Looking at the code again I see the problem. I pushed a fix but can't make a singularity container on this computer (no admin). If you clone the repo or just download that file, you can run it directly. All it requires is python3 with gzip and argparse modules.

achamess commented 4 years ago

I tried using the script. It took more than 24 hours, so I stopped it, thinking something was wrong. should it take that long? Are you able to make a new singularity build with the updated code?

wheaton5 commented 4 years ago

Must be an infinite loop bug. I'll take a look.

wheaton5 commented 4 years ago

I think I have fixed this, but I don't have test data which has this bug, so here is hoping. The singularity build is now updated. Thanks for your patience and great feedback.

achamess commented 4 years ago

Thanks Haynes. I'll try it out and let you know how it goes.

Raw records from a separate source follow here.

(* Let $G$, $k\ge 3$, the choice strings $c_{i,j}$, $L=k+1$ and $d=k-2$ be as in the construction in the context, and let $s$ be a string of length $L$ such that every choice string $c_{i,j}$ ($1\le i<j\le k$) has a substring of length $L$ at Hamming distance at most $d$ from $s$. Then the first $k$ characters of $s$ are encoding symbols $\sigma_{h_1},\dots,\sigma_{h_k}$, and the vertices $v_{h_1},\dots,v_{h_k}$ are $k$ vertices forming a clique in $G$.
   Context: Let $G=(V,E)$ be an undirected simple graph with $V=\{v_1,\dots,v_n\}$ and edge set $E=\{e_1,\dots,e_m\}$, and let $k\ge 3$ be an integer; put $N=\binom{k}{2}$. The alphabet consists of pairwise distinct symbols: encoding symbols $\sigma_1,\dots,\sigma_n$, string identification symbols $\varphi_1,\dots,\varphi_N$, and a synchronizing symbol $\#$. Order the pairs $(i,j)$ with $1\le i<j\le k$ lexicographically, $(1,2),(1,3),\dots,(1,k),(2,3),\dots,(k-1,k)$, and let $i'$ denote the position of $(i,j)$ in this order. For an edge $e$ joining $v_r$ and $v_s$ with $r<s$ define $\mathrm{block}(i,j,e)=\varphi_{i'}^{\,i-1}\,\sigma_r\,\varphi_{i'}^{\,j-i-1}\,\sigma_s\,\varphi_{i'}^{\,k-j}\,\#$ (a string of length $k+1$), and the choice string $c_{i,j}=\mathrm{block}(i,j,e_1)\,\varphi_{i'}^{\,k}\,\mathrm{block}(i,j,e_2)\,\varphi_{i'}^{\,k}\cdots\varphi_{i'}^{\,k}\,\mathrm{block}(i,j,e_m)$. Set $L=k+1$ and $d=k-2$. *)

theory Defs
  imports Main
begin

text \<open>Alphabet: encoding symbols sigma_r, identification symbols phi_i, and the
  synchronizing symbol #. The datatype makes all symbols pairwise distinct.\<close>
datatype sym = Enc nat | Ident nat | Sync

text \<open>Position (1-based) of the pair (i,j) in the lexicographic order of the pairs
  (a,b) with 1 \<le> a < b \<le> k.\<close>
definition pair_index :: "nat \<Rightarrow> nat \<Rightarrow> nat \<Rightarrow> nat" where
  "pair_index k i j =
     card {(a, b). 1 \<le> a \<and> a < b \<and> b \<le> k \<and> (a < i \<or> (a = i \<and> b \<le> j))}"

text \<open>An edge joining v_r and v_s with r < s is represented by the pair (r, s).\<close>
definition block :: "nat \<Rightarrow> nat \<Rightarrow> nat \<Rightarrow> nat \<times> nat \<Rightarrow> sym list" where
  "block k i j e =
     (let p = Ident (pair_index k i j); r = fst e; s = snd e in
      replicate (i - 1) p @ [Enc r] @ replicate (j - i - 1) p @ [Enc s]
      @ replicate (k - j) p @ [Sync])"

fun join_with :: "'a list \<Rightarrow> 'a list list \<Rightarrow> 'a list" where
  "join_with sep [] = []"
| "join_with sep [x] = x"
| "join_with sep (x # y # zs) = x @ sep @ join_with sep (y # zs)"

definition choice_string :: "nat \<Rightarrow> (nat \<times> nat) list \<Rightarrow> nat \<Rightarrow> nat \<Rightarrow> sym list" where
  "choice_string k es i j =
     join_with (replicate k (Ident (pair_index k i j))) (map (block k i j) es)"

definition hamming :: "'a list \<Rightarrow> 'a list \<Rightarrow> nat" where
  "hamming xs ys = card {t. t < length xs \<and> t < length ys \<and> xs ! t \<noteq> ys ! t}"

definition is_substring :: "'a list \<Rightarrow> 'a list \<Rightarrow> bool" where
  "is_substring t c \<longleftrightarrow> (\<exists>u w. c = u @ t @ w)"

definition adjacent :: "(nat \<times> nat) list \<Rightarrow> nat \<Rightarrow> nat \<Rightarrow> bool" where
  "adjacent es a b \<longleftrightarrow> (min a b, max a b) \<in> set es"

end

theory Submission
  imports Defs
begin

(*
  Let t_ij be a window of c_ij within distance k - 2 of s, so s and t_ij agree in at least three
  of their k + 1 positions. The blocks of c_ij repeat with period 2k + 1, so apart from phi_(i,j)
  a window contains at most three symbols: a # and two encoding symbols at fixed offsets from it.
  Hence either s contains phi_(i,j), or s agrees with t_ij exactly in these three symbols, which
  then all lie inside the window. The symbols phi_(i,j) are pairwise distinct, so the
  identification symbols of s can serve only few pairs. Counting over the pairs (1, j) and one
  pair (2, j) shows in turn that s has at most k - 2 identification symbols, that s ends in #
  and starts with an encoding symbol, and finally that s has no identification symbol at all.
  Then every window t_ij is a whole block, and s_(i-1), s_(j-1) encode the edge of that block.
*)

fun is_enc :: "sym \<Rightarrow> bool" where
  "is_enc (Enc _) = True"
| "is_enc _ = False"

fun is_ident :: "sym \<Rightarrow> bool" where
  "is_ident (Ident _) = True"
| "is_ident _ = False"

fun enc_index :: "sym \<Rightarrow> nat" where
  "enc_index (Enc r) = r"
| "enc_index _ = 0"

lemma Enc_enc_index: "is_enc c \<Longrightarrow> Enc (enc_index c) = c"
  by (cases c) auto

lemma not_is_ident_if_is_enc: "is_enc c \<Longrightarrow> \<not> is_ident c"
  by (cases c) auto

lemma length_block:
  "1 \<le> i \<Longrightarrow> i < j \<Longrightarrow> j \<le> k \<Longrightarrow> length (block k i j e) = k + 1"
  by (simp add: block_def Let_def)

lemma nth_block:
  assumes "1 \<le> i" "i < j" "j \<le> k" "y \<le> k"
  shows "block k i j e ! y =
    (if y = i - 1 then Enc (fst e) else if y = j - 1 then Enc (snd e)
     else if y = k then Sync else Ident (pair_index k i j))"
  using assms by (auto simp: block_def Let_def nth_append nth_Cons')

lemma join_with_append_sep:
  "xs \<noteq> [] \<Longrightarrow> join_with sep xs @ sep = concat (map (\<lambda>x. x @ sep) xs)"
  by (induction sep xs rule: join_with.induct) auto

lemma nth_concat_equal_length:
  assumes "\<forall>x \<in> set xss. length x = L" "p < length (concat xss)"
  shows "p div L < length xss \<and> concat xss ! p = xss ! (p div L) ! (p mod L)"
  using assms
proof (induction xss arbitrary: p)
  case (Cons x xss)
  show ?case
  proof (cases "p < L")
    case True
    then show ?thesis using Cons.prems by (simp add: nth_append)
  next
    case False
    have "0 < L" using Cons.prems by (auto intro!: gr0I simp: concat_eq_Nil_conv[THEN iffD2])
    then have "p div L = Suc ((p - L) div L)" "p mod L = (p - L) mod L"
      using False by (simp_all add: le_div_geq le_mod_geq)
    then show ?thesis using Cons.prems Cons.IH[of "p - L"] False by (simp add: nth_append)
  qed
qed simp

achamess commented 4 years ago

I ran it. Took like 5 mins. But here is the output. Not sure what to make of that:

locus1 matchset 80242
cell clusters 5492
cell clusters 5154
clusters for experiment1 4
clusters for experiment2 4
experiment1_cluster     experiment2_cluster     loss
1       1       10.67231087908009
1       0       12.806791507134088
2       1       14.042522528560424
3       1       15.769906644087973
wheaton5 commented 4 years ago

Yeah this is clearly wrong. Sorry. I think I have an off by one error and as a result am not using the informative loci. Those loss values are way too low. I tested this on data with a lot of UMIs and while it worked, the loss values were way lower than I expected.

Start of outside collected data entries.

(* There is an absolute constant $K>0$ such that the following holds. Let $U \geqslant 2$ and $n\geqslant 2$ be integers. Let $A, B, X \subseteq [U]$ with $|A|=|B|=n$ and $X$ nonempty. Then there exists a set $M$ of integers with the following properties: - $|M| \leqslant 1 + \log_2 |X|$; - $M \subseteq [n^{1.5}, 8n^{1.5})$; - for every $x \in X$ there exists $m \in M$ with \[\#\{(a,b) \in A \times B : a+b \equiv x \pmod m \ \text{and}\ a+b \neq x\} \leqslant K\sqrt n\,(\log U)^3.\]
   Context: $[U] := \{0,1,\ldots,U-1\}$; $[x,y)$ for reals denotes the half-open real interval. *)

theory Defs
  imports "HOL-Analysis.Analysis" "HOL-Number_Theory.Cong"
begin

end

theory Submission
  imports Defs "HOL-Computational_Algebra.Primes" "HOL-Real_Asymp.Real_Asymp"
begin

(* Fix a target x and a prime modulus p >= P. A pair (a, b) with a + b ~= x is a false positive
   for p only if p divides the nonzero integer a + b - x, whose absolute value is below 2U; so each
   pair is a false positive for at most log (2U) / log P primes, and summed over the primes of the
   window [P, 8P) there are at most |A| |B| log (2U) / log P false positives. A Chebyshev bound in
   Erdos' style (prime powers dividing the central binomial coefficient are at most 2N, and the
   product of the primes up to n is at most 4^n) puts at least about P / (2 log P) primes into the
   window. Averaging, for every x at least half of the window primes have at most
   4 |A| |B| log (2U) / P false positives, which is O(sqrt n log U) for P = n^(3/2). Hence some prime
   serves at least half of the remaining targets, and iterating covers X by at most 1 + log2 |X|
   primes. Small n are absorbed into the constant, using a single modulus. *)

section \<open>Legendre's formula and the central binomial coefficient\<close>

lemma multiplicity_le_self:
  assumes "prime (p::nat)" "m > 0"
  shows "multiplicity p m \<le> m"
proof -
  have "multiplicity p m < 2 ^ multiplicity p m" by (rule less_exp)
  also have "\<dots> \<le> p ^ multiplicity p m"
    using prime_ge_2_nat[OF assms(1)] by (intro power_mono) auto
  also have "\<dots> \<le> m" using assms(2) by (intro dvd_imp_le multiplicity_dvd)
  finally show ?thesis by simp
qed

lemma legendre_formula:
  assumes p: "prime (p::nat)" and "n \<le> M"
  shows "multiplicity p (fact n :: nat) = (\<Sum>k\<in>{1..M}. n div p ^ k)"
  using assms(2)
proof (induction n)
  case 0
  then show ?case by simp
next
  case (Suc n)
  have p1: "p > 1" using p prime_gt_1_nat by blast
  have "{k\<in>{1..M}. p ^ k dvd Suc n} = {1..multiplicity p (Suc n)}"
    using multiplicity_le_self[OF p, of "Suc n"] Suc.prems p1
    by (auto simp: power_dvd_iff_le_multiplicity)
  then have "multiplicity p (Suc n) = (\<Sum>k\<in>{1..M}. if p ^ k dvd Suc n then 1 else 0)"
    by (simp add: sum.inter_filter[symmetric])
  moreover have "multiplicity p (Suc n * fact n :: nat) = multiplicity p (Suc n) + multiplicity p (fact n :: nat)"
    using p by (intro prime_elem_multiplicity_mult_distrib) auto
  moreover have "Suc n div p ^ k = n div p ^ k + (if p ^ k dvd Suc n then 1 else 0)" for k
    using p1 by (simp add: div_Suc mod_eq_0_iff_dvd)
  ultimately show ?case
    using Suc by (simp add: sum.distrib fact_Suc)
qed

lemma div_double_bounds:
  fixes N d :: nat assumes "d > 0"
  shows "2 * (N div d) \<le> (2*N) div d" "(2*N) div d \<le> 2 * (N div d) + 1"
proof -
  have "2*N = d * (2 * (N div d)) + 2 * (N mod d)"
    by (metis add.commute distrib_left_numeral mod_mult_div_eq mult.left_commute)
  then have eq: "(2*N) div d = 2 * (N div d) + (2 * (N mod d)) div d"
    using div_mult1_eq by blast
  have "2 * (N mod d) < 2 * d" using assms by simp
  then have "(2 * (N mod d)) div d < 2" using assms by (simp add: div_less_iff_less_mult mult.commute)
  with eq show "2 * (N div d) \<le> (2*N) div d" "(2*N) div d \<le> 2 * (N div d) + 1" by linarith+
qed

lemma prime_power_multiplicity_central_binomial_le:
  assumes p: "prime (p::nat)" and N: "N \<ge> 1"
  shows "p ^ multiplicity p ((2*N) choose N) \<le> 2*N"
proof (rule ccontr)
  define v where "v = multiplicity p ((2*N) choose N)"
  assume "\<not> p ^ multiplicity p ((2*N) choose N) \<le> 2*N"
  then have big: "2*N < p ^ v" unfolding v_def by simp
  have p1: "p > 1" using p prime_gt_1_nat by blast
  have "fact (2*N) = ((2*N) choose N) * fact N * (fact N :: nat)"
    using binomial_fact_lemma[of N "2*N"] by (simp add: algebra_simps)
  then have "multiplicity p (fact (2*N) :: nat) = v + 2 * multiplicity p (fact N :: nat)"
    unfolding v_def using p by (simp add: prime_elem_multiplicity_mult_distrib)
  then have "v = (\<Sum>k\<in>{1..2*N}. (2*N) div p ^ k) - (\<Sum>k\<in>{1..2*N}. 2 * (N div p ^ k))"
    using legendre_formula[OF p, of "2*N" "2*N"] legendre_formula[OF p, of N "2*N"]
    by (simp add: sum_distrib_left)
  also have "\<dots> = (\<Sum>k\<in>{1..2*N}. (2*N) div p ^ k - 2 * (N div p ^ k))"
    using div_double_bounds p1 by (intro sum_subtractf_nat[symmetric]) auto
  \<comment> \<open>each summand is 0 or 1, and it vanishes as soon as p^k > 2N\<close>
  also have "\<dots> \<le> (\<Sum>k\<in>{1..2*N}. if k < v then 1 else 0)"
  proof (intro sum_mono)
    fix k
    show "(2*N) div p ^ k - 2 * (N div p ^ k) \<le> (if k < v then 1 else 0)"
    proof (cases "k < v")
      case False
      then have "p ^ v \<le> p ^ k" using p1 by (intro power_increasing) auto
      then have "2*N < p ^ k" using big by simp
      then show ?thesis using False by simp
    qed (use div_double_bounds[of "p^k" N] p1 in simp)
  qed
  also have "\<dots> = card {k\<in>{1..2*N}. k < v}" by (simp add: sum.inter_filter[symmetric])
  also have "\<dots> \<le> card {1..<v}" by (intro card_mono) auto
  finally have "v \<le> v - 1" by simp
  moreover have "v \<ge> 1" using big N by (cases v) auto
  ultimately show False by simp
qed

section \<open>Chebyshev bound for primes in a window\<close>

lemma prod_primes_dvd:
  fixes x :: "'a :: factorial_semiring_gcd"
  assumes "finite T" "\<And>p. p \<in> T \<Longrightarrow> prime p \<and> p dvd x"
  shows "\<Prod>T dvd x"
  using assms
proof (induction T rule: finite_induct)
  case empty
  then show ?case by simp
next
  case (insert p T)
  have p: "prime p" "p dvd x" using insert by auto
  have "\<not> p dvd \<Prod>T"
  proof
    assume "p dvd \<Prod>T"
    then obtain q where "q \<in> T" "p dvd q" using prime_dvd_prod_iff[OF insert(1) p(1), of id] by auto
    with insert p show False using primes_dvd_imp_eq by blast
  qed
  then have "coprime p (\<Prod>T)" using p prime_imp_coprime by blast
  with insert p show ?case by (simp add: divides_mult)
qed

lemma binomial_odd_le_four_power: "(2*m+1) choose m \<le> 4 ^ m"
proof -
  have "2 * ((2*m+1) choose m) = ((2*m+1) choose m) + ((2*m+1) choose (m+1))"
    using binomial_symmetric[of m "2*m+1"] by simp
  also have "\<dots> = (\<Sum>k\<in>{m, m+1}. (2*m+1) choose k)" by simp
  also have "\<dots> \<le> (\<Sum>k\<le>2*m+1. (2*m+1) choose k)" by (intro sum_mono2) auto
  also have "\<dots> = 2 ^ (2*m+1)" by (rule choose_row_sum)
  also have "\<dots> = 2 * 4 ^ m" by (simp add: power_mult)
  finally show ?thesis by simp
qed

lemma prod_primes_dvd_binomial_odd:
  "\<Prod>{p. prime p \<and> m+1 < p \<and> p \<le> 2*m+1} dvd (2*m+1) choose m"
proof (rule prod_primes_dvd)
  fix p assume "p \<in> {p. prime p \<and> m+1 < p \<and> p \<le> 2*m+1}"
  then have p: "prime p" "m+1 < p" "p \<le> 2*m+1" by auto
  have "p dvd fact m * fact (m+1) * ((2*m+1) choose m)"
    using binomial_fact_lemma[of m "2*m+1"] p prime_dvd_fact_iff[of p "2*m+1"] by simp
  moreover have "\<not> p dvd fact m" "\<not> p dvd fact (m+1)"
    using p by (simp_all add: prime_dvd_fact_iff del: fact_Suc)
  ultimately show "prime p \<and> p dvd (2*m+1) choose m"
    using p by (simp add: prime_dvd_mult_iff del: fact_Suc)
qed simp

lemma primorial_le_four_power: "\<Prod>{p::nat. prime p \<and> p \<le> n} \<le> 4 ^ n"
proof (induction n rule: less_induct)
  case (less n)
  consider "n \<le> 2" | "n > 2" "even n" | m where "n = 2*m+1" "m \<ge> 1"
  proof (cases "n \<le> 2")
    case False
    show ?thesis
    proof (cases "even n")
      case True
      then show ?thesis using False that(2) by simp
    next
      case False
      then obtain m where "n = 2*m+1" using oddE by blast
      then show ?thesis using \<open>\<not> n \<le> 2\<close> that(3) by simp
    qed
  qed (rule that(1))
  then show ?case
  proof cases
    case 1
    then have "{p::nat. prime p \<and> p \<le> n} = (if n = 2 then {2} else {})"
      by (auto dest: prime_ge_2_nat)
    then show ?thesis by simp
  next
    case 2
    then have "{p::nat. prime p \<and> p \<le> n} = {p. prime p \<and> p \<le> n - 1}"
      using prime_odd_nat le_eq_less_or_eq by fastforce
    with less[of "n - 1"] 2 show ?thesis by (simp add: le_trans)
  next
    case 3
    have split: "{p::nat. prime p \<and> p \<le> n} =
        {p. prime p \<and> p \<le> m+1} \<union> {p. prime p \<and> m+1 < p \<and> p \<le> 2*m+1}"
      using 3 by auto
    have "\<Prod>{p::nat. prime p \<and> p \<le> n} =
        \<Prod>{p. prime p \<and> p \<le> m+1} * \<Prod>{p. prime p \<and> m+1 < p \<and> p \<le> 2*m+1}"
      unfolding split by (intro prod.union_disjoint) auto
    also have "\<dots> \<le> 4 ^ (m+1) * 4 ^ m"
    proof (intro mult_le_mono)
      show "\<Prod>{p. prime p \<and> p \<le> m+1} \<le> 4 ^ (m+1)"
        using 3 by (intro less) simp
      have "\<Prod>{p. prime p \<and> m+1 < p \<and> p \<le> 2*m+1} \<le> (2*m+1) choose m"
        by (intro dvd_imp_le prod_primes_dvd_binomial_odd) simp
      then show "\<Prod>{p. prime p \<and> m+1 < p \<and> p \<le> 2*m+1} \<le> 4 ^ m"
        using binomial_odd_le_four_power order_trans by blast
    qed
    also have "\<dots> = 4 ^ n" using 3 by (simp flip: power_add)
    finally show ?thesis .
  qed
qed

lemma central_binomial_eq_prod_prime_powers:
  assumes "finite P" "{p. prime p \<and> p \<le> 2*N} \<subseteq> P" "P \<subseteq> {p. prime p}"
  shows "(2*N) choose N = (\<Prod>p\<in>P. p ^ multiplicity p ((2*N) choose N))"
proof -
  let ?C = "(2*N) choose N"
  have "fact N * fact (2*N - N) * ?C = fact (2*N)" by (rule binomial_fact_lemma) simp
  then have "?C dvd fact (2*N)" by (metis dvd_triv_right)
  have "prime_factors ?C \<subseteq> {p. prime p \<and> p \<le> 2*N}"
  proof
    fix p assume "p \<in> prime_factors ?C"
    then have "prime p" "p dvd fact (2*N)"
      using \<open>?C dvd fact (2*N)\<close> by (auto simp: in_prime_factors_iff intro: dvd_trans)
    then show "p \<in> {p. prime p \<and> p \<le> 2*N}" by (simp add: prime_dvd_fact_iff)
  qed
  with assms(2) have "prime_factors ?C \<subseteq> P" by blast
  moreover have "p ^ multiplicity p ?C = 1" if "p \<in> P - prime_factors ?C" for p
    using that assms(3) by (auto simp: not_dvd_imp_multiplicity_0 in_prime_factors_iff)
  ultimately have "(\<Prod>p\<in>prime_factors ?C. p ^ multiplicity p ?C) = (\<Prod>p\<in>P. p ^ multiplicity p ?C)"
    using assms(1) by (intro prod.mono_neutral_left) auto
  then show ?thesis using prime_factorization_nat[of ?C] by simp
qed

lemma prod_small_prime_powers_central_binomial_le:
  assumes N: "N \<ge> 1" and r: "2*N < r*r"
  shows "(\<Prod>p | prime p \<and> p < Q. p ^ multiplicity p ((2*N) choose N)) \<le> (2*N) ^ r * 4 ^ Q"
proof -
  let ?v = "\<lambda>p. multiplicity p ((2*N) choose N)"
  let ?small = "{p. prime p \<and> p < Q}"
  have "p ^ ?v p \<le> (if p < r then 2*N else 1) * p" if "p \<in> ?small" for p
  proof -
    have p: "prime p" using that by simp
    have pv: "p ^ ?v p \<le> 2*N" by (rule prime_power_multiplicity_central_binomial_le[OF p N])
    show ?thesis
    proof (cases "p < r")
      case True
      have "2*N \<le> 2*N * p" using prime_gt_0_nat[OF p] by simp
      then show ?thesis using True order_trans[OF pv] by simp
    next
      case False
      then have "p ^ ?v p < p ^ 2" using pv r mult_le_mono[of r p r p] by (simp add: power2_eq_square)
      then have "?v p \<le> 1" using prime_gt_1_nat[OF p] power_less_imp_less_exp by fastforce
      then have "p ^ ?v p \<le> p ^ 1" using prime_gt_0_nat[OF p] by (intro power_increasing) auto
      then show ?thesis using False by simp
    qed
  qed
  then have "(\<Prod>p\<in>?small. p ^ ?v p) \<le> (\<Prod>p\<in>?small. (if p < r then 2*N else 1) * p)"
    by (intro prod_mono) auto
  also have "\<dots> = (2*N) ^ card {p\<in>?small. p < r} * \<Prod>?small"
    by (simp add: prod.distrib prod.inter_filter[symmetric])
  also have "\<dots> \<le> (2*N) ^ r * 4 ^ Q"
  proof (intro mult_le_mono)
    have "card {p\<in>?small. p < r} \<le> card {..<r}" by (intro card_mono) auto
    then show "(2*N) ^ card {p\<in>?small. p < r} \<le> (2*N) ^ r" using N by (intro power_increasing) auto
    have "\<Prod>?small \<le> \<Prod>{p. prime p \<and> p \<le> Q}"
      by (intro dvd_imp_le prod_dvd_prod_subset) (auto intro: prime_gt_0_nat)
    then show "\<Prod>?small \<le> 4 ^ Q" using primorial_le_four_power order_trans by blast
  qed
  finally show ?thesis .
qed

achamess commented 4 years ago

OK. Thanks for checking. Mine has a lot of UMIs too, for what it's worth. LIke 10K UMI/cell.

wheaton5 commented 4 years ago

Ok, I did find two bug. But actually those loss values might not be too low. The main bug was that I was looking at matched loci, but not the right matched loci (the ones with lots of data). Then the next thing was that I was requiring each experiment to have a certain number of observations, but did not require every cluster to have a certain number of observations. Now I am requiring every cluster to have 8 observations for a loci for the loci to be counted for this. This might fall over when some experiments have a cluster with a very small cluster though.

So explaining the output a bit. Here I had it output 2*shared_samples to show how the loss function for the first (true) shared samples should be muuuuch lower than other cluster pairings.

experiment1_cluster experiment2_cluster loss 2 3 13.555280719863028 4 0 17.26053627757567 0 4 18.42185017489233 3 2 19.511867466770433 1 1 19.85788870668313 0 2 1549.1748800588916 3 4 1575.188470350116 2 2 1578.961712371887 1 2 1582.7255752644771 4 2 1584.9752724054401

So this is just testing two different synthetic mixtures of 5 hipsci cell lines. So cluster 2 in experiment 1 is cluster 3 in experiment 2 and so on for the first 5 lines with low loss values. Then the loss values for incorrect pairings are > 1000.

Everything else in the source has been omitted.